Disney films will never be the same again


Next time you're marathoning your favorite Disney movies, try this experiment. Pause the singalong and try to figure out who's doing all the talking. A new study, highlighted by The Washington Post, shows that even though the main characters are princesses, it's a group of dudes that's dominating the dialogue.

Carmen Fought from Pitzer College and Karen Eisenhauer from North Carolina State University are analyzing all the dialogue from Disney princess movies. They presented their preliminary research at the Linguistic Society of America's annual meeting earlier this month. They crunched the numbers to figure out how often male and female characters dominated the dialogue.


The gender balance wasn't always bad. In Snow White, men and women have an equal number of lines. In Cinderella, the dialogue is 60 percent female, and it's even better in Sleeping Beauty, in which 71 percent of the lines come from female characters. 

  But when the "renaissance" of Disney movies happened in the 1980s and 1990s, somehow that came with a lot more mansplaining. In The Little Mermaid, men talk 68 percent of the time; those numbers go up to 71 percent in Beauty and the Beast, 76 percent in Pocahontas, 77 percent in Mulan, and 90 percent in Aladdin.

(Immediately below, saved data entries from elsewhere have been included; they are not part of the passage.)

lemma gaps_bounded_imp_few_gaps:
  assumes "0 < eps" and gaps: "gaps_bounded eps c A B X \<beta>" and slack: "\<beta> + 3 + 2 / eps \<le> 2 * X"
    and c: "4 \<le> eps * c" "c \<le> 2 * real X / eps"
    and T: "c \<le> T" "T \<le> 2 * (real X + 1) / eps"
  shows "real (card (nat_ival c T - sumset A B)) \<le> eps * T"
proof (cases "T \<le> 2 * real X / eps")
  case True
  then have "real (card (nat_ival c T - sumset A B)) \<le> eps * T / 2 + 2"
    using gaps T(1) unfolding gaps_bounded_def by fastforce
  moreover have "eps * c \<le> eps * T"
    using T(1) \<open>0 < eps\<close> by simp
  ultimately show ?thesis
    using c(1) by linarith
next
  case False
  have "nat_ival c T - sumset A B
      \<subseteq> (nat_ival c (2 * real X / eps) - sumset A B) \<union> nat_ival (2 * real X / eps) T"
    unfolding nat_ival_def by auto
  then have "card (nat_ival c T - sumset A B)
      \<le> card (nat_ival c (2 * real X / eps) - sumset A B) + card (nat_ival (2 * real X / eps) T)"
    by (rule card_le_card_Un) simp_all
  moreover have "real (card (nat_ival c (2 * real X / eps) - sumset A B)) \<le> \<beta> + 2"
    using gaps c(2) unfolding gaps_bounded_def by fastforce
  moreover have "real (card (nat_ival (2 * real X / eps) T)) \<le> 2 / eps + 1"
    using card_nat_ival_le[of "2 * real X / eps" T] T(2) False \<open>0 < eps\<close>
    by (simp add: add_divide_distrib)
  moreover have "2 * X \<le> eps * T"
    using False \<open>0 < eps\<close> by (simp add: field_simps)
  ultimately show ?thesis
    using slack by linarith
qed

lemma last_scale_slack:
  fixes eps :: real and X :: nat
  assumes eps: "0 < eps" "eps \<le> 1/16" and "3 / eps \<le> X"
  shows "2 * eps * X + 3 + 2 / eps \<le> 2 * X"
proof -
  have "(2 * eps) * X \<le> (1 / 8) * X"
    using eps by (intro mult_right_mono) auto
  moreover have "3 + 2 / eps \<le> 5 / eps"
    using eps by (simp add: field_simps)
  moreover have "5 / eps \<le> 15 / 8 * (3 / eps)"
    using eps by (simp add: field_simps)
  ultimately show ?thesis
    using assms(3) by linarith
qed

lemma scale_cover_if_dense_windows:
  fixes eps :: real and n x :: nat and A :: "nat set"
  assumes eps: "0 < eps" "eps \<le> 1/4" and x: "1 \<le> x" "real n powr (1/3) \<le> x" "x \<le> eps * n"
    and dense: "\<forall>x\<in>nat_ival (real n powr (1/3)) (eps * real n).
         \<forall>m\<in>nat_ival (2 * real x) (2 * real x / eps).
           real (card (A \<inter> nat_ival (real m - 2 * real x) (real m - real x)))
             > eps * real x powr (2/3) * ln (real n / real x)"
  shows "\<exists>Bx. scale_cover eps A x Bx"
proof (rule single_scale_cover[OF eps x(1)])
  have "1 / eps \<le> real n / real x"
    using x eps by (simp add: field_simps)
  then show "ln (1 / eps) \<le> ln (real n / real x)"
    by (rule ln_mono) (simp add: eps)
  show "\<forall>m\<in>nat_ival (2 * real x) (2 * real x / eps).
      eps * real x powr (2/3) * ln (real n / real x)
        < card (A \<inter> nat_ival (real m - 2 * real x) (real m - real x))"
    using dense x unfolding nat_ival_def by auto
qed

What's the reason behind this disparity? The researchers say it's because newer Disney films have much bigger casts than the old-school ones, and those ensembles are usually heavily male. 

"My best guess is that it's carelessness, because we're so trained to think that male is the norm," Eisenhauer told the Post. "So when you want to add a shopkeeper, that shopkeeper is a man. Or you add a guard, that guard is a man. I think that's just really ingrained in our culture." In general, female side characters in these movies don't have a ton of agency, and exist only to find a husband or do domestic tasks.

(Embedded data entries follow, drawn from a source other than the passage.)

(* Assume (A1), (A2), (A3), and that for each class $c\in[C]$ the revision protocol $\rho^c$ is imitative via comparison, excess payoff, or pairwise comparison. If $\mu\in X$ is a mixed stationary Nash equilibrium, then $\mu$ is a rest point of the master equation, i.e., $f^{c,d}_{s,u}(\mu)+f^{c,r}_{s,u}(\mu)=0$ for all $c\in[C]$, $s\in\mathcal S^c$, $u\in\mathcal U^c_D$.
   Context: Model: classes $c\in[C]$ with masses $m^c>0$, finite state sets $\mathcal S^c$, nonempty finite admissible action sets $\mathcal A^c(s)$ ($\mathcal A^c=\bigcup_s\mathcal A^c(s)$), transition kernels $\phi^c(\cdot\mid s,a)\in\mathcal P(\mathcal S^c)$, action rates $\lambda^c>0$; $p=\sum_c|\mathcal S^c|,q=\sum_c|\mathcal A^c|$. $\mathcal U^c_D$ = deterministic policies ($s\mapsto u(s)\in\mathcal A^c(s)$; $u(a\mid s)=\mathbf 1[a=u(s)]$), $n^c=|\mathcal U^c_D|$. $\phi^{c,u}_{ss'}=\phi^c(s\mid s',u(s'))$. (A2): for all $c,u\in\mathcal U^c_D$, $\phi^{c,u}$ has exactly one recurrent communicating class; $\eta^{c,u}$ is the unique stationary distribution of the continuous-time chain with generator $\lambda^c(\phi^{c,u}-I)$. $X=\prod_c\{\mu^c\in\mathbb R_{\ge0}^{\mathcal S^c\times\mathcal U^c_D}:\sum\mu^c=m^c\}$, $X_{\mathcal S\times\mathcal A}=\prod_c\{\nu\in\mathbb R_{\ge0}^{\mathcal S^c\times\mathcal A^c}:\sum\nu=m^c\}$, $X^c_{\mathcal U_D}=\{\sigma\in\mathbb R^{n^c}_{\ge0}:\sum\sigma=m^c\}$; $\mu^c_{\mathcal S\times\mathcal A}[s,a]=\sum_u\mu^c[s,u]u(a\mid s)$; $\mu^c[\mathcal S^c,u]=\sum_s\mu^c[s,u]$, $\mu^c[\mathcal S^c,\cdot]=(\mu^c[\mathcal S^c,u])_u$. Rewards $r^c:\mathcal S^c\times\mathcal A^c\times X_{\mathcal S\times\mathcal A}\to\mathbb R$; (A1): each $r^c(s,a,\cdot)$ extends to $\mathbb R^{pq}_{\ge0}$ with an extension continuously differentiable on $X_{\mathcal S\times\mathcal A}$. $F^c_u(\mu)=\sum_{s}\sum_{a\in\mathcal A^c(s)}\eta^{c,u}(s)u(a\mid s)r^c(s,a,\mu_{\mathcal S\times\mathcal A})$, $F^c(\mu)=(F^c_u(\mu))_u$. MSNE: $\mu\in X$ with, for all $c,u$: (i) $\mu^c[\mathcal S^c,u]>0\Rightarrow F^c_u(\mu)\ge F^c_v(\mu)\ \forall v\in\mathcal U^c_D$; (ii) $\mu^c[s,u]=\eta^{c,u}(s)\mu^c[\mathcal S^c,u]$ for all $s$. Revision protocol of class $c$: $\rho^c:\mathbb R^{n^c}\times X^c_{\mathcal U_D}\to\mathbb R^{n^c\times n^c}_{\ge0}$ with revision rate $R^c>0$; (A3): $\rho^c$ Lipschitz and $R^c\ge\sup_{\mu\in X}\sum_{v\ne u}\rho^c_{uv}(F^c(\mu),\mu^c[\mathcal S^c,\cdot])$ for all $u$. Classes: imitative: $\rho^c_{uv}(F,\sigma)=r^c_{uv}(F,\sigma)\sigma_v/m^c$ with $r^c$ Lipschitz, nonnegative, and $F_v\ge F_u\iff r^c_{kv}-r^c_{vk}\ge r^c_{ku}-r^c_{uk}$ for all $F,\sigma,u,v,k$; imitative via comparison: imitative with additionally $\mathrm{sign}(r^c_{uv}(F,\sigma))=\mathrm{sign}(\max(0,F_v-F_u))$; excess payoff: $\rho^c_{uv}(F,\sigma)=\tau^c_v(\hat F)$ with $\hat F=F-\mathbf 1F^\top\sigma/m^c$ and $\tau^c:\mathbb R^{n^c}\to\mathbb R^{n^c}_{\ge0}$ Lipschitz with $\hat F\notin\mathbb R^{n^c}_{\le0}\Rightarrow\tau^c(\hat F)^\top\hat F>0$; pairwise comparison: $\rho^c_{uv}(F,\sigma)=\tau^c_{uv}(F)$ with $\tau^c$ Lipschitz, nonnegative and $\mathrm{sign}(\tau^c_{uv}(F))=\mathrm{sign}(\max(0,F_v-F_u))$. Master equation vector fields: $f^{c,d}_{s,u}(\mu)=\lambda^c\sum_{s'}\sum_{a'\in\mathcal A^c(s')}\phi^c(s\mid s',a')u(a'\mid s')\mu^c[s',u]-\lambda^c\mu^c[s,u]$; $f^{c,r}_{s,u}(\mu)=\sum_{u'}\mu^c[s,u']\rho^c_{u'u}(F^c(\mu),\mu^c[\mathcal S^c,\cdot])-\mu^c[s,u]\sum_{u'}\rho^c_{uu'}(F^c(\mu),\mu^c[\mathcal S^c,\cdot])$. *)

theory Defs
  imports "HOL-Analysis.Analysis"
begin

(* Conventions:
   - classes form a finite type 'c (so [C] = UNIV);
   - all states form a finite type 's; cls s is the class of state s, S^c = {s. cls s = c};
   - all actions form a finite type 'a; A s is the admissible action set of state s;
   - phi s a s' = phi^{cls s}(s' | s, a);  lam c = lambda^c;  m c = m^c;
   - a deterministic policy of class c is an extensional function u : 's => 'a
     in PiE (S^c) A;
   - a mean field mu in X is represented as mu s u = mu^{cls s}[s,u]. *)

definition St :: "('s \<Rightarrow> 'c) \<Rightarrow> 'c \<Rightarrow> 's set" where
  "St cls c = {s. cls s = c}"

definition Aall :: "('s \<Rightarrow> 'c) \<Rightarrow> ('s \<Rightarrow> 'a set) \<Rightarrow> 'c \<Rightarrow> 'a set" where
  "Aall cls A c = (\<Union>s\<in>St cls c. A s)"

definition UD :: "('s \<Rightarrow> 'c) \<Rightarrow> ('s \<Rightarrow> 'a set) \<Rightarrow> 'c \<Rightarrow> ('s \<Rightarrow> 'a) set" where
  "UD cls A c = PiE (St cls c) A"

definition upol :: "('s \<Rightarrow> 'a) \<Rightarrow> 'a \<Rightarrow> 's \<Rightarrow> real" where
  "upol u a s = (if a = u s then 1 else 0)"

definition model_ok ::
  "('s \<Rightarrow> 'c) \<Rightarrow> ('s \<Rightarrow> 'a set) \<Rightarrow> ('s \<Rightarrow> 'a \<Rightarrow> 's \<Rightarrow> real) \<Rightarrow> ('c \<Rightarrow> real) \<Rightarrow> ('c \<Rightarrow> real) \<Rightarrow> bool" where
  "model_ok cls A phi lam m \<longleftrightarrow>
     (\<forall>c. m c > 0 \<and> lam c > 0) \<and>
     (\<forall>s. A s \<noteq> {} \<and> finite (A s)) \<and>
     (\<forall>s. \<forall>a\<in>Aall cls A (cls s).
        (\<forall>s'. phi s a s' \<ge> 0) \<and> (\<forall>s'. cls s' \<noteq> cls s \<longrightarrow> phi s a s' = 0) \<and>
        (\<Sum>s'\<in>St cls (cls s). phi s a s') = 1)"

definition Xset :: "('s \<Rightarrow> 'c) \<Rightarrow> ('s \<Rightarrow> 'a set) \<Rightarrow> ('c \<Rightarrow> real) \<Rightarrow> ('s \<Rightarrow> ('s \<Rightarrow> 'a) \<Rightarrow> real) set" where
  "Xset cls A m = {mu. \<forall>c. (\<forall>s\<in>St cls c. \<forall>u\<in>UD cls A c. mu s u \<ge> 0) \<and>
       (\<Sum>s\<in>St cls c. \<Sum>u\<in>UD cls A c. mu s u) = m c}"

definition muSA :: "('s::finite \<Rightarrow> 'c) \<Rightarrow> ('s \<Rightarrow> 'a::finite set) \<Rightarrow> ('s \<Rightarrow> ('s \<Rightarrow> 'a) \<Rightarrow> real) \<Rightarrow> real ^ ('s \<times> 'a)" where
  "muSA cls A mu = (\<chi> i. \<Sum>u\<in>UD cls A (cls (fst i)). mu (fst i) u * upol u (snd i) (fst i))"

definition XSA :: "('s::finite \<Rightarrow> 'c) \<Rightarrow> ('s \<Rightarrow> 'a::finite set) \<Rightarrow> ('c \<Rightarrow> real) \<Rightarrow> (real ^ ('s \<times> 'a)) set" where
  "XSA cls A m = {nu. (\<forall>i. nu $ i \<ge> 0) \<and>
      (\<forall>s a. a \<notin> Aall cls A (cls s) \<longrightarrow> nu $ (s, a) = 0) \<and>
      (\<forall>c. (\<Sum>s\<in>St cls c. \<Sum>a\<in>Aall cls A c. nu $ (s, a)) = m c)}"

definition orthant :: "(real ^ 'i) set" where
  "orthant = {nu. \<forall>i. nu $ i \<ge> 0}"

definition A1 :: "('s::finite \<Rightarrow> 'c) \<Rightarrow> ('s \<Rightarrow> 'a::finite set) \<Rightarrow> ('c \<Rightarrow> real) \<Rightarrow>
    ('s \<Rightarrow> 'a \<Rightarrow> real ^ ('s \<times> 'a) \<Rightarrow> real) \<Rightarrow> bool" where
  "A1 cls A m r \<longleftrightarrow> (\<forall>s. \<forall>a\<in>Aall cls A (cls s).
     \<exists>g g'. (\<forall>nu\<in>XSA cls A m. g nu = r s a nu) \<and>
       (\<forall>nu\<in>XSA cls A m. (g has_derivative blinfun_apply (g' nu)) (at nu within orthant)) \<and>
       continuous_on (XSA cls A m) g')"

definition step :: "('s \<Rightarrow> 'c) \<Rightarrow> ('s \<Rightarrow> 'a \<Rightarrow> 's \<Rightarrow> real) \<Rightarrow> 'c \<Rightarrow> ('s \<Rightarrow> 'a) \<Rightarrow> 's \<Rightarrow> 's \<Rightarrow> bool" where
  "step cls phi c u s t \<longleftrightarrow> s \<in> St cls c \<and> t \<in> St cls c \<and> phi s (u s) t > 0"

definition comm_class :: "('s \<Rightarrow> 'c) \<Rightarrow> ('s \<Rightarrow> 'a \<Rightarrow> 's \<Rightarrow> real) \<Rightarrow> 'c \<Rightarrow> ('s \<Rightarrow> 'a) \<Rightarrow> 's set \<Rightarrow> bool" where
  "comm_class cls phi c u K \<longleftrightarrow> (\<exists>s\<in>St cls c. K = {t\<in>St cls c.
      (step cls phi c u)\<^sup>*\<^sup>* s t \<and> (step cls phi c u)\<^sup>*\<^sup>* t s})"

Things aren't that much better nowadays. Men still talked more than half the time in The Princess and the Frog and Frozen, though Tangled had 52 percent female dialogue and 74 percent of Brave's lines came from women. So while it's a great thing to have explicitly feminist characters like Merrida around, Disney needs to seriously step up its game when it comes to the supporting cast. After all, every powerful woman needs a few other powerful women to have her back — even if she's a princess.